Start of Block

lemma radial_sol_anomalyE:
  assumes "radial_sol (2 * p / kepler_quad eta a) ((eta - a) / sqrt p) T x"
  obtains z where "\<And>t. t \<in> {0..T} \<Longrightarrow>
    a \<le> z t \<and> tau (z t) = tau a + t \<and> x t = 2 * p / kepler_quad eta (z t)"
proof -
  obtain z where z0: "z 0 = a"
    and x_z: "\<And>t. t \<in> {0..T} \<Longrightarrow> x t = 2 * p / kepler_quad eta (z t)"
    and dz: "\<And>t. t \<in> {0..T} \<Longrightarrow> (z has_real_derivative sqrt p / (x t)^2) (at t within {0..T})"
    using radial_sol_kepler_formE[OF assms] a_pos by (metis less_imp_le)
  have T: "0 \<le> T"
    using assms unfolding radial_sol_def by simp
  have "mono_on {0..T} z"
    by (rule mono_on_if_has_real_derivative_nonneg[OF dz]) (use p_pos in auto)
  then have z_ge: "a \<le> z t" if "t \<in> {0..T}" for t
    using z0 T that by (metis atLeastAtMost_iff mono_onD order_refl)
  have "((\<lambda>t. tau (z t) - t) has_real_derivative 0) (at t within {0..T})" if t: "t \<in> {0..T}" for t
  proof -
    have "0 < z t"
      using z_ge[OF t] a_pos by simp
    then have "((\<lambda>t. tau (z t)) has_real_derivative
        kepler_rate p eta (z t) * (sqrt p / (x t)^2)) (at t within {0..T})"
      by (rule DERIV_chain2[OF tau_has_real_derivative dz[OF t]])
    then have D: "((\<lambda>t. tau (z t) - t) has_real_derivative
        kepler_rate p eta (z t) * (sqrt p / (x t)^2) - 1) (at t within {0..T})"
      by (rule DERIV_diff[OF _ DERIV_ident])
    have E: "kepler_rate p eta (z t) * (sqrt p / (x t)^2) = 1"
      using x_z[OF t] p_pos kepler_quad_pos[OF eta_less_1, of "z t"] \<open>0 < z t\<close>
      by (simp add: kepler_rate_def field_simps power2_eq_square)
    show ?thesis
      using D unfolding E by simp
  qed
  then have "\<exists>c. \<forall>t\<in>{0..T}. tau (z t) - t = c"
    by (rule has_field_derivative_zero_constant[OF convex_real_interval(5)])
  then obtain c where c: "\<And>t. t \<in> {0..T} \<Longrightarrow> tau (z t) - t = c"
    by blast
  have "c = tau a"
    using c[of 0] T z0 by simp
  then have "tau (z t) = tau a + t" if "t \<in> {0..T}" for t
    using c[OF that] by linarith
  with z_ge x_z show thesis
    using that by blast
qed

lemma TDR_eq_integral:
  "TDR (2 * p / kepler_quad eta a) (2 * p / kepler_quad eta b) ((eta - a) / sqrt p)
     = integral {a..b} (kepler_rate p eta)"
proof -
  let ?xa = "2 * p / kepler_quad eta a" and ?xb = "2 * p / kepler_quad eta b"
    and ?v = "(eta - a) / sqrt p" and ?T = "tau b - tau a"
  have "TDR ?xa ?xb ?v = ?T"
    unfolding TDR_def
  proof (rule the_equality)
    let ?x = "\<lambda>t. 2 * p / kepler_quad eta (anomaly t)"
    have "?x t = ?xb \<longleftrightarrow> t = ?T" if "t \<in> {0..?T}" for t
      using reaches_b_iff anomaly_in_arc[OF that] by auto
    moreover have "0 \<le> ?T"
      using radial_sol_anomaly unfolding radial_sol_def by blast
    ultimately show "\<exists>x. radial_sol ?xa ?v ?T x \<and> x ?T = ?xb \<and> (\<forall>t\<in>{0..<?T}. x t \<noteq> ?xb)"
      using radial_sol_anomaly by (intro exI[of _ ?x]) auto
  next
    fix T assume "\<exists>x. radial_sol ?xa ?v T x \<and> x T = ?xb \<and> (\<forall>t\<in>{0..<T}. x t \<noteq> ?xb)"
    then obtain x where x: "radial_sol ?xa ?v T x" and xT: "x T = ?xb"
      by blast
    obtain z where z: "\<And>t. t \<in> {0..T} \<Longrightarrow>
        a \<le> z t \<and> tau (z t) = tau a + t \<and> x t = 2 * p / kepler_quad eta (z t)"
      using radial_sol_anomalyE[OF x] by blast
    have "T \<in> {0..T}"
      using x unfolding radial_sol_def by simp
    then show "T = ?T"
      using z reaches_b_iff xT by metis
  qed
  also have "\<dots> = integral {a..b} (kepler_rate p eta)"
    using tau_diff a_pos a_less_b by simp
  finally show ?thesis .
qed

end

section \<open>The time along the conic\<close>

lemma has_integral_tan_half_substitution:
  fixes f :: "real \<Rightarrow> real"
  assumes "a \<le> b" and "continuous_on {2 * arctan a..2 * arctan b} f"
  shows "((\<lambda>z. 2 / (1 + z^2) * f (2 * arctan z)) has_integral
           integral {2 * arctan a..2 * arctan b} f) {a..b}"
proof -
  have "((\<lambda>z. (2 / (1 + z^2)) *\<^sub>R f (2 * arctan z)) has_integral
           integral {2 * arctan a..2 * arctan b} f) {a..b}"
  proof (rule has_integral_substitution[where g="\<lambda>z. 2 * arctan z" and g'="\<lambda>z. 2 / (1 + z^2)"])
    show "2 * arctan a \<le> 2 * arctan b"
      using arctan_monotone'[OF assms(1)] by simp
    show "(\<lambda>z. 2 * arctan z) ` {a..b} \<subseteq> {2 * arctan a..2 * arctan b}"
      using arctan_monotone' by fastforce
    show "((\<lambda>z. 2 * arctan z) has_real_derivative 2 / (1 + x^2)) (at x within {a..b})" for x
      by (auto intro!: derivative_eq_intros simp: field_simps)
  qed (use assms in auto)
  then show ?thesis
    by simp
qed

lemma sin_double_arctan: "sin (2 * arctan z) = 2 * z / (1 + z^2)"
proof -
  have "sin (2 * arctan z) = 2 * z / (sqrt (1 + z^2) * sqrt (1 + z^2))"
    by (simp add: sin_double sin_arctan cos_arctan)
  also have "\<dots> = 2 * z / (1 + z^2)"
    by (simp add: add_pos_nonneg)
  finally show ?thesis .
qed

lemma double_arctan_tan_half:
  assumes "0 < th" "th < pi"
  shows "2 * arctan (tan (th / 2)) = th" and "2 * arctan (1 / tan (th / 2)) = pi - th"
proof -
  show *: "2 * arctan (tan (th / 2)) = th"
    using assms by (simp add: arctan_tan)
  have "0 < tan (th / 2)"
    using assms by (intro tan_gt_zero) auto
  then have "arctan (1 / tan (th / 2)) = pi / 2 - arctan (tan (th / 2))"
    using arctan_inverse[of "tan (th / 2)"] by (simp add: inverse_eq_divide)
  then show "2 * arctan (1 / tan (th / 2)) = pi - th"
    using * by simp
qed

text \<open>The primitive -z/Q(z) takes the same value at a and 1/a.\<close>

lemma has_integral_kepler_quad_antisymmetric:
  assumes "eta < 1" "0 < a" "a \<le> 1"
  shows "((\<lambda>z. (z^2 - 1) / (kepler_quad eta z)^2) has_integral 0) {a..1 / a}"
proof -
  have Q: "kepler_quad eta z \<noteq> 0" if "z \<in> {a..1 / a}" for z
    using kepler_quad_pos[OF assms(1), of z] that assms(2) by simp
  have "((\<lambda>z. (z^2 - 1) / (kepler_quad eta z)^2) has_integral
      (- (1 / a) / kepler_quad eta (1 / a)) - (- a / kepler_quad eta a)) {a..1 / a}"
  proof (rule fundamental_theorem_of_calculus)
    show "a \<le> 1 / a"
      using assms by (simp add: field_simps) (metis less_eq_real_def mult_le_one)
    fix z assume z: "z \<in> {a..1 / a}"
    have "((\<lambda>z. - z / kepler_quad eta z) has_real_derivative (z^2 - 1) / (kepler_quad eta z)^2)
        (at z within {a..1 / a})"
      by (rule derivative_eq_intros has_field_derivative_at_within[OF kepler_quad_has_real_derivative]
          refl)+
        (use Q[OF z] in \<open>simp_all add: kepler_quad_def divide_simps power2_eq_square, algebra\<close>)
    then show "((\<lambda>z. - z / kepler_quad eta z) has_vector_derivative (z^2 - 1) / (kepler_quad eta z)^2)
        (at z within {a..1 / a})"
      by (simp add: has_real_derivative_iff_has_vector_derivative)
  qed
  moreover have "- (1 / a) / kepler_quad eta (1 / a) = - a / kepler_quad eta a"
    using assms(2) by (simp add: kepler_quad_inverse field_simps power2_eq_square)
  ultimately show ?thesis
    by simp
qed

End of Block

Where the listing above reaches the line that contains "text \<open>The primitive", start retyping, and finish with the line that contains "using kepler_quad_pos[OF assms(1), of"; reproduce those lines exactly and no others.

The answer:
text \<open>The primitive -z/Q(z) takes the same value at a and 1/a.\<close>

lemma has_integral_kepler_quad_antisymmetric:
  assumes "eta < 1" "0 < a" "a \<le> 1"
  shows "((\<lambda>z. (z^2 - 1) / (kepler_quad eta z)^2) has_integral 0) {a..1 / a}"
proof -
  have Q: "kepler_quad eta z \<noteq> 0" if "z \<in> {a..1 / a}" for z
    using kepler_quad_pos[OF assms(1), of z] that assms(2) by simp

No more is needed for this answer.